Many-to-One, One-to-Many, Many-to-Many, and Zero-shot Voice Conversion.

This tutorial is available as an IPython notebook at malaya-speech/example/voice-conversion.

This module is language independent, so it save to use on different languages.

Explanation

We created super fast Voice Conversion model, called FastVC, Faster and Accurate Voice Conversion using Transformer. No paper produced.

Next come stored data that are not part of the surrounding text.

lemma sg_submodule_iff:
  assumes "lmodule R M" "is_dsum M Mg"
  shows "sg_submodule R M Mg N \<longleftrightarrow> subgroup N (add_monoid M)
    \<and> (\<forall>a\<in>carrier R. \<forall>x\<in>N. a \<odot>\<^bsub>M\<^esub> x \<in> N) \<and> (\<forall>x\<in>N. \<forall>n. dsum_comp M Mg x n \<in> N)"
proof -
  interpret dsum_group M Mg using lmodule_dsum_group[OF assms] .
  have "N \<subseteq> carrier M" if "subgroup N (add_monoid M)"
    using subgroup.subset[OF that] by simp
  then show ?thesis
    unfolding sg_submodule_def lsubmodule_def using graded_subgroup_iff[of N] by blast
qed

lemma sg_submodule_Inter:
  assumes "lmodule R M" "is_dsum M Mg" "F \<noteq> {}" "\<And>N. N \<in> F \<Longrightarrow> sg_submodule R M Mg N"
  shows "sg_submodule R M Mg (\<Inter>F)"
proof -
  interpret abelian_group M using lmodule_abelian_group[OF assms(1)] .
  have "subgroup (\<Inter>F) (add_monoid M)"
    using assms(3,4) sg_submodule_iff[OF assms(1,2)] by (intro add.subgroups_Inter) blast+
  with assms(4) show ?thesis
    unfolding sg_submodule_iff[OF assms(1,2)] by blast
qed

lemma sg_submodule_carrier:
  assumes "lmodule R M" "is_dsum M Mg"
  shows "sg_submodule R M Mg (carrier M)"
proof -
  interpret dsum_group M Mg using lmodule_dsum_group[OF assms] .
  show ?thesis
    unfolding sg_submodule_iff[OF assms]
    using add.subgroup_self lmodule_smult_closed[OF assms(1)] dsum_comp_carrier by simp
qed

lemma sg_submodule_zero:
  assumes "lmodule R M" "is_dsum M Mg"
  shows "sg_submodule R M Mg {\<zero>\<^bsub>M\<^esub>}"
proof -
  interpret dsum_group M Mg using lmodule_dsum_group[OF assms] .
  show ?thesis
    unfolding sg_submodule_iff[OF assms]
    using add.triv_subgroup lmodule_smult_zero_right[OF assms(1)] dsum_comp_zero by simp
qed

lemma sg_submodule_vimage:
  assumes "lmodule R M" "is_dsum M Mg" "lmodule R M'" "is_dsum M' Mg'"
    "\<beta> \<in> sg_hom R M Mg M' Mg'" "sg_submodule R M' Mg' P"
  shows "sg_submodule R M Mg {x \<in> carrier M. \<beta> x \<in> P}"
proof -
  interpret abelian_group_hom M M' \<beta>
    using lmod_hom_abelian_group_hom[OF assms(1,3)] assms(5) by (simp add: sg_hom_def)
  interpret M: dsum_group M Mg using lmodule_dsum_group[OF assms(1,2)] .
  have P: "subgroup P (add_monoid M')" "\<And>a x. a \<in> carrier R \<Longrightarrow> x \<in> P \<Longrightarrow> a \<odot>\<^bsub>M'\<^esub> x \<in> P"
    "\<And>x n. x \<in> P \<Longrightarrow> dsum_comp M' Mg' x n \<in> P"
    using assms(6) unfolding sg_submodule_iff[OF assms(3,4)] by auto
  let ?Q = "{x \<in> carrier M. \<beta> x \<in> P}"
  have "subgroup ?Q (add_monoid M)"
  proof (rule G.add.subgroupI)
    show "?Q \<noteq> {}" using subgroup.one_closed[OF P(1)] by force
  next
    fix x assume x: "x \<in> ?Q"
    have "\<ominus>\<^bsub>M'\<^esub> \<beta> x \<in> P"
      using subgroup.m_inv_closed[OF P(1)] x by (simp add: a_inv_def)
    with x show "\<ominus>\<^bsub>M\<^esub> x \<in> ?Q" by simp
  next
    fix x y assume "x \<in> ?Q" "y \<in> ?Q"
    then show "x \<oplus>\<^bsub>M\<^esub> y \<in> ?Q" using subgroup.m_closed[OF P(1)] by simp
  qed auto
  moreover have "a \<odot>\<^bsub>M\<^esub> x \<in> ?Q" if "a \<in> carrier R" "x \<in> ?Q" for a x
    using that P(2) sg_homD(3)[OF assms(5)] lmodule_smult_closed[OF assms(1)] by simp
  moreover have "dsum_comp M Mg x n \<in> ?Q" if "x \<in> ?Q" for x n
  proof -
    have "\<beta> ` Mg k \<subseteq> Mg' k" for k using sg_homD(4)[OF assms(5)] by blast
    then have "\<beta> (dsum_comp M Mg x n) = dsum_comp M' Mg' (\<beta> x) n"
      using dsum_comp_hom[OF assms(2,4)] that by simp
    then show ?thesis using that P(3) M.dsum_comp_carrier by simp
  qed
  ultimately show ?thesis
    unfolding sg_submodule_iff[OF assms(1,2)] by blast
qed

lemma sg_gen_least: "sg_submodule R M Mg N \<Longrightarrow> X \<subseteq> N \<Longrightarrow> sg_gen R M Mg X \<subseteq> N"
  unfolding sg_gen_def by blast

lemma sg_gen:
  assumes "lmodule R M" "is_dsum M Mg" "X \<subseteq> carrier M"
  shows "sg_submodule R M Mg (sg_gen R M Mg X)" "X \<subseteq> sg_gen R M Mg X"
proof -
  have "carrier M \<in> {N. sg_submodule R M Mg N \<and> X \<subseteq> N}"
    using sg_submodule_carrier[OF assms(1,2)] assms(3) by blast
  then show "sg_submodule R M Mg (sg_gen R M Mg X)"
    unfolding sg_gen_def by (intro sg_submodule_Inter[OF assms(1,2)]) blast+
  show "X \<subseteq> sg_gen R M Mg X" unfolding sg_gen_def by blast
qed

lemma sg_hom_image_sg_gen:
  assumes "lmodule R M" "is_dsum M Mg" "lmodule R M'" "is_dsum M' Mg'"
    "\<beta> \<in> sg_hom R M Mg M' Mg'" "sg_submodule R M' Mg' P" "X \<subseteq> carrier M" "\<beta> ` X \<subseteq> P"
  shows "\<beta> ` sg_gen R M Mg X \<subseteq> P"
proof -
  have "sg_gen R M Mg X \<subseteq> {x \<in> carrier M. \<beta> x \<in> P}"
    using assms(7,8) by (intro sg_gen_least sg_submodule_vimage[OF assms(1-6)]) auto
  then show ?thesis by blast
qed


section \<open>Restriction of scalars and the quotient \<open>M/\<langle>JM\<rangle>\<close>\<close>

lemma (in abelian_subgroup) a_rcos_absorb:
  "h \<in> H \<Longrightarrow> x \<in> carrier G \<Longrightarrow> H +> (h \<oplus> x) = H +> x"
  using a_coset_add_assoc[OF a_subset a_Hcarr, of h x] a_rcos_const by simp

lemma (in abelian_subgroup) the_elem_image_rcos:
  assumes "x \<in> carrier G" "\<And>h. h \<in> H \<Longrightarrow> f (h \<oplus> x) = f x"
  shows "the_elem (f ` (H +> x)) = f x"
proof -
  have "f ` (H +> x) = {f x}"
    using assms zero_closed unfolding a_r_coset_def' by force
  then show ?thesis by simp
qed

lemma push_carrier [simp]: "carrier (push R J N) = carrier N"
  and push_add [simp]: "add (push R J N) = add N"
  and push_zero [simp]: "zero (push R J N) = zero N"
  and push_smult [simp]: "smult (push R J N) r x = smult N (J +>\<^bsub>R\<^esub> r) x"
  by (simp_all add: push_def)

lemma push_finsum: "finsum (push R J N) f A = finsum N f A"
  by (simp add: finsum_def finprod_def push_def)

lemma push_subgroup: "subgroup S (add_monoid (push R J N)) = subgroup S (add_monoid N)"
  by (simp add: subgroup_def m_inv_def push_def)

lemma push_is_dsum: "is_dsum (push R J N) Ng = is_dsum N Ng"
  unfolding is_dsum_def int_sum_def push_finsum push_subgroup by simp

lemma push_int_sum_le: "int_sum_le (push R J N) Ng k = int_sum_le N Ng k"
  unfolding int_sum_le_def int_sum_def push_finsum by simp

lemma push_abelian_group:
  assumes "abelian_group N"
  shows "abelian_group (push R J N)"
proof -
  interpret N: abelian_group N by fact
  show ?thesis
    by (rule abelian_groupI) (auto simp: N.a_ac intro: N.l_neg N.a_inv_closed)
qed

definition pull_proj :: "('r, 'c) ring_scheme \<Rightarrow> 'r set \<Rightarrow> ('r, 'm) module \<Rightarrow> (int \<Rightarrow> 'm set)
    \<Rightarrow> 'm \<Rightarrow> 'm set" where
  "pull_proj R J M Mg = (\<lambda>x\<in>carrier M. pull_sub R J M Mg +>\<^bsub>M\<^esub> x)"

context ideal
begin

lemma rcos_carrier: "a \<in> carrier R \<Longrightarrow> I +> a \<in> carrier (R Quot I)"
  using ring_hom_closed[OF rcos_ring_hom] .

lemma rcos_add: "a \<in> carrier R \<Longrightarrow> b \<in> carrier R \<Longrightarrow> I +> (a \<oplus> b) = (I +> a) \<oplus>\<^bsub>R Quot I\<^esub> (I +> b)"
  using ring_hom_add[OF rcos_ring_hom] .

lemma rcos_mult: "a \<in> carrier R \<Longrightarrow> b \<in> carrier R \<Longrightarrow> I +> (a \<otimes> b) = (I +> a) \<otimes>\<^bsub>R Quot I\<^esub> (I +> b)"
  using ring_hom_mult[OF rcos_ring_hom] .

lemma rcos_one: "I +> \<one> = \<one>\<^bsub>R Quot I\<^esub>"
  using ring_hom_one[OF rcos_ring_hom] .

lemma rcos_ideal_member: "j \<in> I \<Longrightarrow> I +> j = \<zero>\<^bsub>R Quot I\<^esub>"
  using abelian_subgroup.a_rcos_const[OF abelian_subgroupI3[OF is_additive_subgroup is_abelian_group]]
  by (simp add: FactRing_def)

lemma quot_carrierE:
  assumes "A \<in> carrier (R Quot I)"
  obtains a where "a \<in> carrier R" "A = I +> a"
  using assms unfolding FactRing_def A_RCOSETS_def' by auto

lemma push_lmodule:
  assumes "lmodule (R Quot I) N"
  shows "lmodule R (push R I N)"
proof -
  have "module_axioms R (push R I N)"
    unfolding module_axioms_def push_carrier push_add push_smult
    using lmodule_smult_closed[OF assms] lmodule_smult_add_left[OF assms]
      lmodule_smult_assoc[OF assms] lmodule_smult_add_right[OF assms] lmodule_smult_one[OF assms]
    by (simp add: rcos_carrier rcos_add rcos_mult rcos_one)
  then show ?thesis
    using assms ring_axioms push_abelian_group unfolding lmodule_def by blast
qed

lemma sg_module_push:
  assumes "sg_module (R Quot I) (quot_grading R I Rg) N Ng"
  shows "sg_module R Rg (push R I N) Ng"
  using assms push_lmodule
  unfolding sg_module_def push_is_dsum push_int_sum_le quot_grading_def by auto

lemma sg_hom_push:
  assumes "\<gamma> \<in> sg_hom (R Quot I) N Ng N' Ng'"
  shows "\<gamma> \<in> sg_hom R (push R I N) Ng (push R I N') Ng'"
  using assms rcos_carrier unfolding sg_hom_def lmod_hom_def by simp

end

locale ideal_graded_module = ideal I R for I and R (structure) +
  fixes M :: "('a, 'm) module" and Mg :: "int \<Rightarrow> 'm set"
  assumes lmodule: "lmodule R M" and is_dsum: "is_dsum M Mg"
begin

sublocale M: dsum_group M Mg
  by (rule lmodule_dsum_group[OF lmodule is_dsum])

lemma ideal_times_subset: "ideal_times I M \<subseteq> carrier M"
  unfolding ideal_times_def using lmodule_smult_closed[OF lmodule] a_subset by blast

lemma pull_sub_sg_submodule: "sg_submodule R M Mg (pull_sub R I M Mg)"
  unfolding pull_sub_def by (rule sg_gen(1)[OF lmodule is_dsum ideal_times_subset])

lemma ideal_times_subset_pull_sub: "ideal_times I M \<subseteq> pull_sub R I M Mg"
  unfolding pull_sub_def by (rule sg_gen(2)[OF lmodule is_dsum ideal_times_subset])

sublocale L: abelian_subgroup "pull_sub R I M Mg" M
  using pull_sub_sg_submodule unfolding sg_submodule_iff[OF lmodule is_dsum]
  by (intro abelian_subgroupI3 additive_subgroup.intro M.abelian_group_axioms) blast

lemma pull_proj_carrier: "x \<in> carrier M \<Longrightarrow> pull_proj R I M Mg x \<in> carrier (pull R I M Mg)"
  using M.a_rcosetsI[OF L.a_subset] by (simp add: pull_proj_def pull_def Let_def)

lemma pull_proj_onto: "pull_proj R I M Mg ` carrier M = carrier (pull R I M Mg)"
  unfolding pull_proj_def by (auto simp: pull_def Let_def A_RCOSETS_def')

lemma pull_proj_add:
  "x \<in> carrier M \<Longrightarrow> y \<in> carrier M \<Longrightarrow>
    pull_proj R I M Mg (x \<oplus>\<^bsub>M\<^esub> y) = pull_proj R I M Mg x \<oplus>\<^bsub>pull R I M Mg\<^esub> pull_proj R I M Mg y"
  using L.a_rcos_sum by (simp add: pull_proj_def pull_def Let_def set_add_def)

lemma pull_proj_zero: "pull_proj R I M Mg \<zero>\<^bsub>M\<^esub> = \<zero>\<^bsub>pull R I M Mg\<^esub>"
  using L.a_subset by (simp add: pull_proj_def pull_def Let_def)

Steps to reproduce can check at https://github.com/huseinzol05/malaya-speech/tree/master/pretrained-model/voice-conversion

[1]:
import malaya_speech
import numpy as np

List available Voice Conversion models

[2]:
malaya_speech.voice_conversion.available_deep_conversion()
[2]:
Size (MB) Quantized Size (MB) Total loss
fastvc-32-vggvox-v2 190.0 54.1 0.2851
fastvc-64-vggvox-v2 194.0 55.7 0.2764

Load Deep Conversion

def deep_conversion(
    model: str = 'fastvc-vggvox-v2', quantized: bool = False, **kwargs
):
    """
    Load Voice Conversion model.

    Parameters
    ----------
    model : str, optional (default='fastvc-vggvox-v2')
        Model architecture supported. Allowed values:

        * ``'fastvc-32-vggvox-v2'`` - FastVC bottleneck size 32 with VGGVox-v2 Speaker Vector.
        * ``'fastvc-64-vggvox-v2'`` - FastVC bottleneck size 64 with VGGVox-v2 Speaker Vector.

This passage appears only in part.